1) Behind the Scenes With Edwin Booth (Katherine Goodale)/ Shakespeare: The Man Who Pays the Rent (Judi Dench and Brendan O’Hea)
And my god, if there’s a genre I’m usually in the bag for less than biographies, it’s memoirs. Yet this year, I read not one, but two memoirs that I loved. And since they both circle the theater and more specifically, my main man, Will, it feels fitting to place them in one last dual slot. Shakespeare: The Man Who Pays the Rent is a collection of kitchen table interviews by director Brendan O’Hea with Dame Judi Dench both about the serious work of performing and interpreting Shakespeare, as well as Dench’s often less-than-serious reminisces of a life in theater great and small. Judi Dench is the exemplar of an actor who takes her work seriously, but rarely herself, and her memories seem increasingly important as her peers/friends like Maggie Smith exit stage left and we lose that stellar generation of RSC performers. Besides, everyone should have the mental image of a young and pregnant Dench throwing up backstage dressed as a stoat for a stage adaptation of Mr. Toad of Toad Hall.

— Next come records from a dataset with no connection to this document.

section \<open>Hardness: clauses describing an accepting branch\<close>

text \<open>Fix a splitting instruction sequence X of length L.  Propositional variable i \<le> L
  stands for "instruction i is executed on the branch", and each parameter p of X is
  represented by the variable param_var X p, which lies in (L, 2L].\<close>

definition params :: "iseq \<Rightarrow> nat set" where
  "params X = {p. Split p \<in> basics X \<or> Reply p \<in> basics X}"

definition param_var :: "iseq \<Rightarrow> nat \<Rightarrow> nat" where
  "param_var X p = length X + 1 + card {q \<in> params X. q < p}"

definition param_of :: "prim \<Rightarrow> nat" where
  "param_of u = (case basic_of u of Some (Split p) \<Rightarrow> p | Some (Reply p) \<Rightarrow> p | _ \<Rightarrow> 0)"

lemma params_subset: "params X \<subseteq> param_of ` set X"
proof
  fix p assume "p \<in> params X"
  then obtain u where u: "u \<in> set X" "basic_of u = Some (Split p) \<or> basic_of u = Some (Reply p)"
    unfolding params_def basics_def by blast
  then have "param_of u = p" by (auto simp: param_of_def)
  then show "p \<in> param_of ` set X" using u(1) by blast
qed

lemma params_finite: "finite (params X)"
  using finite_subset[OF params_subset] by simp

lemma card_params: "card (params X) \<le> length X"
proof -
  have "card (params X) \<le> card (param_of ` set X)"
    using params_subset by (intro card_mono) auto
  also have "\<dots> \<le> length X"
    using card_image_le card_length le_trans by blast
  finally show ?thesis .
qed

lemma params_intro:
  assumes "1 \<le> i" "i \<le> length X"
    "basic_of (X ! (i - 1)) = Some (Split p) \<or> basic_of (X ! (i - 1)) = Some (Reply p)"
  shows "p \<in> params X"
  using assms nth_mem[of "i - 1" X] unfolding params_def basics_def by fastforce

lemma param_var_gt: "length X < param_var X p"
  by (simp add: param_var_def)

lemma param_var_le: "p \<in> params X \<Longrightarrow> param_var X p \<le> 2 * length X"
proof -
  assume p: "p \<in> params X"
  have "card {q \<in> params X. q < p} < card (params X)"
    using p params_finite by (intro psubset_card_mono) auto
  then show ?thesis using card_params[of X] by (simp add: param_var_def)
qed

lemma param_var_inj: "inj_on (param_var X) (params X)"
proof -
  have "card {q \<in> params X. q < p} < card {q \<in> params X. q < p'}"
    if "p \<in> params X" "p < p'" for p p'
    using that params_finite by (intro psubset_card_mono) auto
  then have "strict_mono_on (params X) (param_var X)"
    by (auto simp: strict_mono_on_def param_var_def)
  then show ?thesis by (rule strict_mono_on_imp_inj_on)
qed

text \<open>Some clauses are only present when an input bit has a certain value.\<close>
datatype guard = Always | IfT nat | IfF nat

fun guard_holds :: "bool list \<Rightarrow> guard \<Rightarrow> bool" where
  "guard_holds b Always = True"
| "guard_holds b (IfT j) = b ! (j - 1)"
| "guard_holds b (IfF j) = (\<not> b ! (j - 1))"

fun guard_ok :: "nat \<Rightarrow> guard \<Rightarrow> bool" where
  "guard_ok n Always = True"
| "guard_ok n (IfT j) = (1 \<le> j \<and> j \<le> n)"
| "guard_ok n (IfF j) = (1 \<le> j \<and> j \<le> n)"

text \<open>If instruction i (= u) is executed, the branch continues according to the value of
  parameter p.\<close>
definition branch_clauses :: "iseq \<Rightarrow> nat \<Rightarrow> prim \<Rightarrow> nat \<Rightarrow> (lit set \<times> guard) list" where
  "branch_clauses X i u p = [({Neg i, Neg (param_var X p), Pos (nxt u True i)}, Always),
                             ({Neg i, Pos (param_var X p), Pos (nxt u False i)}, Always)]"

fun basic_clauses :: "iseq \<Rightarrow> nat \<Rightarrow> nat \<Rightarrow> prim \<Rightarrow> basic \<Rightarrow> (lit set \<times> guard) list" where
  "basic_clauses X n i u (Reg (In j) Get) = (if 1 \<le> j \<and> j \<le> n then
      [({Neg i, Pos (nxt u True i)}, IfT j), ({Neg i, Pos (nxt u False i)}, IfF j)] else [])"
| "basic_clauses X n i u (Split p) = branch_clauses X i u p"
| "basic_clauses X n i u (Reply p) = branch_clauses X i u p"
| "basic_clauses X n i u _ = []"

text \<open>Termination is forbidden (the branch must execute out.set:T), a jump is followed.\<close>
fun prim_clauses :: "iseq \<Rightarrow> nat \<Rightarrow> nat \<Rightarrow> prim \<Rightarrow> (lit set \<times> guard) list" where
  "prim_clauses X n i Term = [({Neg i}, Always)]"
| "prim_clauses X n i (Jump l) = [({Neg i, Pos (i + l)}, Always)]"
| "prim_clauses X n i (Plain a) = basic_clauses X n i (Plain a) a"
| "prim_clauses X n i (PosT a) = basic_clauses X n i (PosT a) a"
| "prim_clauses X n i (NegT a) = basic_clauses X n i (NegT a) a"

definition instr_clauses :: "iseq \<Rightarrow> nat \<Rightarrow> nat \<Rightarrow> (lit set \<times> guard) list" where
  "instr_clauses X n i = prim_clauses X n i (X ! (i - 1))"

definition all_clauses :: "iseq \<Rightarrow> nat \<Rightarrow> (lit set \<times> guard) list" where
  "all_clauses X n = ({Pos 1}, Always) # concat (map (instr_clauses X n) [1..<Suc (length X)])"

definition active_clauses :: "iseq \<Rightarrow> nat \<Rightarrow> bool list \<Rightarrow> lit set set" where
  "active_clauses X n b = {C. \<exists>g. (C, g) \<in> set (all_clauses X n) \<and> guard_holds b g}"

lemma instr_clauses_basic:
  "basic_of (X ! (i - 1)) = Some a \<Longrightarrow> instr_clauses X n i = basic_clauses X n i (X ! (i - 1)) a"
  by (cases "X ! (i - 1)") (auto simp: instr_clauses_def)

lemma instr_clauses_active:
  assumes "(C, g) \<in> set (instr_clauses X n i)" "1 \<le> i" "i \<le> length X" "guard_holds b g"
  shows "C \<in> active_clauses X n b"
  using assms unfolding active_clauses_def all_clauses_def
  by (auto simp del: upt_Suc intro!: bexI[of _ i])

lemma all_clauses_cases:
  assumes "(C, g) \<in> set (all_clauses X n)"
  obtains "C = {Pos 1}" "g = Always" | j where "j \<in> {1..length X}" "(C, g) \<in> set (instr_clauses X n j)"
  using assms unfolding all_clauses_def by (auto simp del: upt_Suc simp: less_Suc_eq_le)

lemma basic_clauses_shape:
  "x \<in> set (basic_clauses X n i u a) \<Longrightarrow> Neg i \<in> fst x \<and> guard_ok n (snd x) \<and>
   (\<forall>l\<in>fst x. l = Neg i \<or> (\<exists>y. l = Pos y) \<or> (\<exists>p. l = Neg (param_var X p)))"
  by (induction X n i u a rule: basic_clauses.induct) (auto simp: branch_clauses_def split: if_splits)

lemma instr_clauses_shape:
  "x \<in> set (instr_clauses X n i) \<Longrightarrow> Neg i \<in> fst x \<and> guard_ok n (snd x) \<and>
   (\<forall>l\<in>fst x. l = Neg i \<or> (\<exists>y. l = Pos y) \<or> (\<exists>p. l = Neg (param_var X p)))"
  unfolding instr_clauses_def by (cases "X ! (i - 1)") (auto dest: basic_clauses_shape)

lemma all_clauses_guard_ok:
  assumes "(C, g) \<in> set (all_clauses X n)"
  shows "guard_ok n g"
  using assms by (cases rule: all_clauses_cases) (auto dest: instr_clauses_shape)

lemma length_instr_clauses: "length (instr_clauses X n i) \<le> 2"
proof -
  have "length (basic_clauses X n i u a) \<le> 2" for u a
    by (induction X n i u a rule: basic_clauses.induct) (auto simp: branch_clauses_def)
  then show ?thesis unfolding instr_clauses_def by (cases "X ! (i - 1)") auto
qed

lemma length_all_clauses: "length (all_clauses X n) \<le> 2 * length X + 1"
proof -
  have "length (concat (map (instr_clauses X n) xs)) \<le> 2 * length xs" for xs
  proof (induction xs)
    case (Cons x xs)
    then show ?case using length_instr_clauses[of X n x] by simp
  qed simp
  from this[of "[1..<Suc (length X)]"] show ?thesis
    unfolding all_clauses_def by (simp del: upt_Suc)
qed

text \<open>The assignment read off a branch: instruction variables are true exactly on the set
  S of visited instructions, parameter variables carry the values tau of the parameters.\<close>
definition trace_assignment :: "iseq \<Rightarrow> (nat \<Rightarrow> bool) \<Rightarrow> nat set \<Rightarrow> nat \<Rightarrow> bool" where
  "trace_assignment X \<tau> S x =
     (if x \<le> length X then x \<in> S else \<tau> (the_inv_into (params X) (param_var X) x))"

lemma trace_assignment_param: "p \<in> params X \<Longrightarrow> trace_assignment X \<tau> S (param_var X p) = \<tau> p"
  using param_var_gt[of X p] the_inv_into_f_f[OF param_var_inj] by (simp add: trace_assignment_def)

definition instr_sat :: "iseq \<Rightarrow> nat \<Rightarrow> bool list \<Rightarrow> (nat \<Rightarrow> bool) \<Rightarrow> nat set \<Rightarrow> nat \<Rightarrow> bool" where
  "instr_sat X n b \<tau> S j \<longleftrightarrow> (\<forall>(C, g)\<in>set (instr_clauses X n j).
      guard_holds b g \<longrightarrow> (\<exists>l\<in>C. lit_val (trace_assignment X \<tau> S) l))"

Even more than The Man Who Pays, I was completely knocked sideways by Behind the Scenes With Edwin Booth. I came across this obscure and out of print memoir as a source in a (frankly underwhelming) three-headed biography of the main Booths (Junius, Edwin, and John Wilkes), but becoming aware of Katherine Molony Goodale’s enchanting book made everything about that other one worth it. Goodale, a minor actor in her youth, recounts the 1886-7 season that she spent on a cross-country tour with Edwin Booth at the height of the actor’s career and popularity. Goodale has an incredible grasp of both her memory and narrative, and her own obvious starstruck adoration for Booth never becomes cloying or unbelievable. Just like Dench, Goodale gives us peek behind the curtain at a generational talent, but one that is both humorous and sincere. To us here in the future, post-1865 Edwin Booth is so often nothing but a tragic figure, but Goodale returns to us a whole man, and the antics of her and her fellow young actors in his company, the girls Booth affectionately calls his Chickens, deserve to be more widely known. I’m working on that myself (!), but if you want to hear it straight from Goodale’s mouth, Behind the Scenes is available for free on the Internet Archive here, and I really can’t recommend it more highly.